И ещё Булгакова очень «расстраивала» и страшила неизвестность грядущего. Удручала неустроенность быта. Выводила из себя «гнусная квартира», населённая пьяницами и дебоширами, бесила «омерзительная комната», в которой приходилось жить. 18 сентября он записал в дневник:
«Пока у меня нет квартиры – я не человек, а лишь полчеловека».
30 сентября – новая запись. Опять о том же. Обратим внимание, как скрупулёзно в ней обозначено, какому дню старого стиля соответствует та или иная новая дата, установленная большевиками:
«30-го (17-го ст. ст.) сентября 1923 года.
Если отбросить мои воображаемые и действительные страхи жизни, можно признаться, что в жизни моей теперь крупный дефект только один – отсутствие квартиры».
И всё же Булгаков ощущал, чувствовал, что стоит на пороге грандиозных перемен в своей жизни. И очень надеялся, что перемены эти будут связаны с низвержением ненавистной ему советской власти. Сладостно-мечтательное сновидение на эту тему он даже описал в своём фельетоне «Похождения Чичикова»:
«Диковинный сон… Будто бы в царстве теней… шутник сатана открыл двери. Зашевелилось мёртвое царство, и потянулась из него бесконечная вереница…

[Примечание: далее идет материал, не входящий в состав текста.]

(* Let $n\ge 2$ and let $k_1,\dots,k_n$, $a_1,\dots,a_{n-1}$, $b_1,\dots,b_n$ be real or complex numbers ($3n-1$ parameters). Let $A_1$ be the $n\times n$ matrix with entries $$(A_1)_{ij}=\begin{cases} k_i b_j, & i\le j,\\ k_j a_j, & i>j.\end{cases}$$ Define $c_i=k_{i+1}b_i-k_ia_i$ for $i=1,\dots,n-1$, $c_0=1$, $c_n=b_n$; $d_i=k_{i+1}a_{i+1}b_i-k_ia_ib_{i+1}$ for $i=1,\dots,n-2$, $d_0=a_1$; $f_i=a_i-b_i$ for $i=2,\dots,n-1$; $g_i=k_{i+1}-k_i$ for $i=2,\dots,n-1$, $g_n=1$. Assume $k_1\neq 0$ and $c_i\neq 0$ for $i=1,\dots,n$. Then $A_1$ is invertible and its inverse $A_1^{-1}=[\alpha_{ij}]$ is the lower Hessenberg matrix with entries $$\alpha_{ij}=\begin{cases} \dfrac{k_{i+1}b_{i-1}-k_{i-1}a_{i-1}}{c_{i-1}c_i}, & i=j,\ i\neq 1,n,\\[2mm] \dfrac{k_2}{k_1c_1}, & i=j=1,\\[2mm] \dfrac{b_{n-1}}{c_{n-1}c_n}, & i=j=n,\\[2mm] (-1)^{i+j}\dfrac{d_{j-1}\,g_i\prod_{\nu=j+1}^{i-1}k_\nu f_\nu}{\prod_{\nu=j-1}^{i}c_\nu}, & i-j\ge 1,\\[2mm] -\dfrac{1}{c_i}, & j-i=1,\\[2mm] 0, & j-i>1, \end{cases}$$ where the empty product $\prod_{\nu=j+1}^{i-1}k_\nu f_\nu$ (case $i=j+1$) is taken to be $1$.
   Context: A lower Hessenberg matrix is a square matrix whose entries $(i,j)$ vanish whenever $j-i>1$. *)

theory Defs
  imports "Jordan_Normal_Form.Matrix"
begin

text \<open>All parameter sequences k, a, b are 1-indexed functions nat => 'a.
  Matrices are Jordan_Normal_Form matrices with 0-based indices; the
  paper's entry (i,j) (1-based) is stored at position (i-1,j-1).\<close>

definition A1_mat :: "nat \<Rightarrow> (nat \<Rightarrow> 'a::field) \<Rightarrow> (nat \<Rightarrow> 'a) \<Rightarrow> (nat \<Rightarrow> 'a) \<Rightarrow> 'a mat" where
  "A1_mat n k a b = mat n n (\<lambda>(i, j). let i' = i + 1; j' = j + 1 in
      if i' \<le> j' then k i' * b j' else k j' * a j')"

definition cc :: "nat \<Rightarrow> (nat \<Rightarrow> 'a::field) \<Rightarrow> (nat \<Rightarrow> 'a) \<Rightarrow> (nat \<Rightarrow> 'a) \<Rightarrow> nat \<Rightarrow> 'a" where
  "cc n k a b i = (if i = 0 then 1 else if i = n then b n
                   else k (i + 1) * b i - k i * a i)"

definition dd :: "(nat \<Rightarrow> 'a::field) \<Rightarrow> (nat \<Rightarrow> 'a) \<Rightarrow> (nat \<Rightarrow> 'a) \<Rightarrow> nat \<Rightarrow> 'a" where
  "dd k a b i = (if i = 0 then a 1
                 else k (i + 1) * a (i + 1) * b i - k i * a i * b (i + 1))"

definition ff :: "(nat \<Rightarrow> 'a::field) \<Rightarrow> (nat \<Rightarrow> 'a) \<Rightarrow> nat \<Rightarrow> 'a" where
  "ff a b i = a i - b i"

definition gg :: "nat \<Rightarrow> (nat \<Rightarrow> 'a::field) \<Rightarrow> nat \<Rightarrow> 'a" where
  "gg n k i = (if i = n then 1 else k (i + 1) - k i)"

definition alpha :: "nat \<Rightarrow> (nat \<Rightarrow> 'a::field) \<Rightarrow> (nat \<Rightarrow> 'a) \<Rightarrow> (nat \<Rightarrow> 'a) \<Rightarrow> nat \<Rightarrow> nat \<Rightarrow> 'a" where
  "alpha n k a b i j =
    (if i = j then
       (if i = 1 then k 2 / (k 1 * cc n k a b 1)
        else if i = n then b (n - 1) / (cc n k a b (n - 1) * cc n k a b n)
        else (k (i + 1) * b (i - 1) - k (i - 1) * a (i - 1))
               / (cc n k a b (i - 1) * cc n k a b i))
     else if j < i then
       (-1) ^ (i + j) * dd k a b (j - 1) * gg n k i
         * (\<Prod>\<nu>\<in>{j + 1..i - 1}. k \<nu> * ff a b \<nu>)
         / (\<Prod>\<nu>\<in>{j - 1..i}. cc n k a b \<nu>)
     else if j = i + 1 then - 1 / cc n k a b i
     else 0)"

definition alpha_mat :: "nat \<Rightarrow> (nat \<Rightarrow> 'a::field) \<Rightarrow> (nat \<Rightarrow> 'a) \<Rightarrow> (nat \<Rightarrow> 'a) \<Rightarrow> 'a mat" where
  "alpha_mat n k a b = mat n n (\<lambda>(i, j). alpha n k a b (i + 1) (j + 1))"

end

theory Submission
  imports Defs "Jordan_Normal_Form.Determinant"
begin

text \<open>Row i of A1 times column j of the claimed inverse splits as H + k_i T, with head
  H = sum_{l<i} k_l a_l alpha_{lj} and tail T = sum_{l>=i} b_l alpha_{lj}. Below the diagonal
  alpha_{mj} = g_m t_{jm} / c_m, where t_{j,m+1} = -k_m f_m t_{jm} / c_m. The identities
  b_m g_m - k_m f_m = c_m and a_m g_m - c_m = k_{m+1} f_m give T = t_{ji} by downward and
  H = -k_i t_{ji} by upward induction on i, so the two parts cancel. On and above the diagonal
  only alpha_{j-1,j} = -1/c_{j-1} and alpha_{jj} contribute, and they produce 1 resp. 0.
  Finally, a right inverse of a square matrix over a field is a two-sided inverse.\<close>

lemma right_inverse_imp_invertible_mat:
  fixes A B :: "'a::field mat"
  assumes A: "A \<in> carrier_mat n n" and B: "B \<in> carrier_mat n n" and AB: "A * B = 1\<^sub>m n"
  shows "invertible_mat A \<and> inverts_mat A B \<and> inverts_mat B A"
proof -
  have "B * A = 1\<^sub>m n" by (rule mat_mult_left_right_inverse[OF A B AB])
  then have "inverts_mat A B" "inverts_mat B A"
    using A B AB by (simp_all add: inverts_mat_def)
  then show ?thesis using A by (auto simp: invertible_mat_def)
qed

lemma index_A1_mat_mult:
  fixes \<beta> :: "nat \<Rightarrow> nat \<Rightarrow> 'a::field"
  assumes i: "1 \<le> i" "i \<le> n" and j: "1 \<le> j" "j \<le> m"
  shows "(A1_mat n k a b * mat n m (\<lambda>(p, q). \<beta> (p + 1) (q + 1))) $$ (i - 1, j - 1)
       = (\<Sum>l\<in>{1..<i}. k l * a l * \<beta> l j) + k i * (\<Sum>l\<in>{i..n}. b l * \<beta> l j)"
proof -
  let ?A = "\<lambda>l. if i \<le> l then k i * b l else k l * a l"
  have "(A1_mat n k a b * mat n m (\<lambda>(p, q). \<beta> (p + 1) (q + 1))) $$ (i - 1, j - 1)
      = (\<Sum>l = 0..<n. ?A (Suc l) * \<beta> (Suc l) j)"
    using i j by (auto simp: A1_mat_def scalar_prod_def Let_def intro!: sum.cong)
  also have "\<dots> = (\<Sum>l\<in>{1..n}. ?A l * \<beta> l j)"
    by (simp add: sum.atLeast1_atMost_eq atLeast0LessThan)
  also have "{1..n} = {1..<i} \<union> {i..n}"
    using i by auto
  also have "(\<Sum>l\<in>{1..<i} \<union> {i..n}. ?A l * \<beta> l j)
      = (\<Sum>l\<in>{1..<i}. ?A l * \<beta> l j) + (\<Sum>l\<in>{i..n}. ?A l * \<beta> l j)"
    by (rule sum.union_disjoint) auto
  finally show ?thesis
    by (simp add: sum_distrib_left mult.assoc)
qed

И двинулась вся ватага на Советскую Русь, и произошли в ней тогда изумительные происшествия».
Увы, это были всего лишь мечты. Никаких судьбоносных событий, способных поколебать власть большевиков, в стране не происходило. Зато повсюду (так, во всяком случае, казалось Булгакову) кишмя кишели орды всевозможной нечисти, порождённой советским режимом. Особенно много дьявольщины налетело «в царство антихриста, в Москву», «в город дьявола» – именно так красная столица названа в «Белой гвардии».
Главы из этого романа в конце 1923 года Булгаков читал в кружке «Зелёная лампа» в доме Лидии Васильевны Кирьяковой на Большой Дмитровке. Михаил Афанасьевич пришёл на это заседание не один, а вместе с женой, так что Татьяна Николаевна могла лишний раз убедиться в том, какой он превосходный чтец.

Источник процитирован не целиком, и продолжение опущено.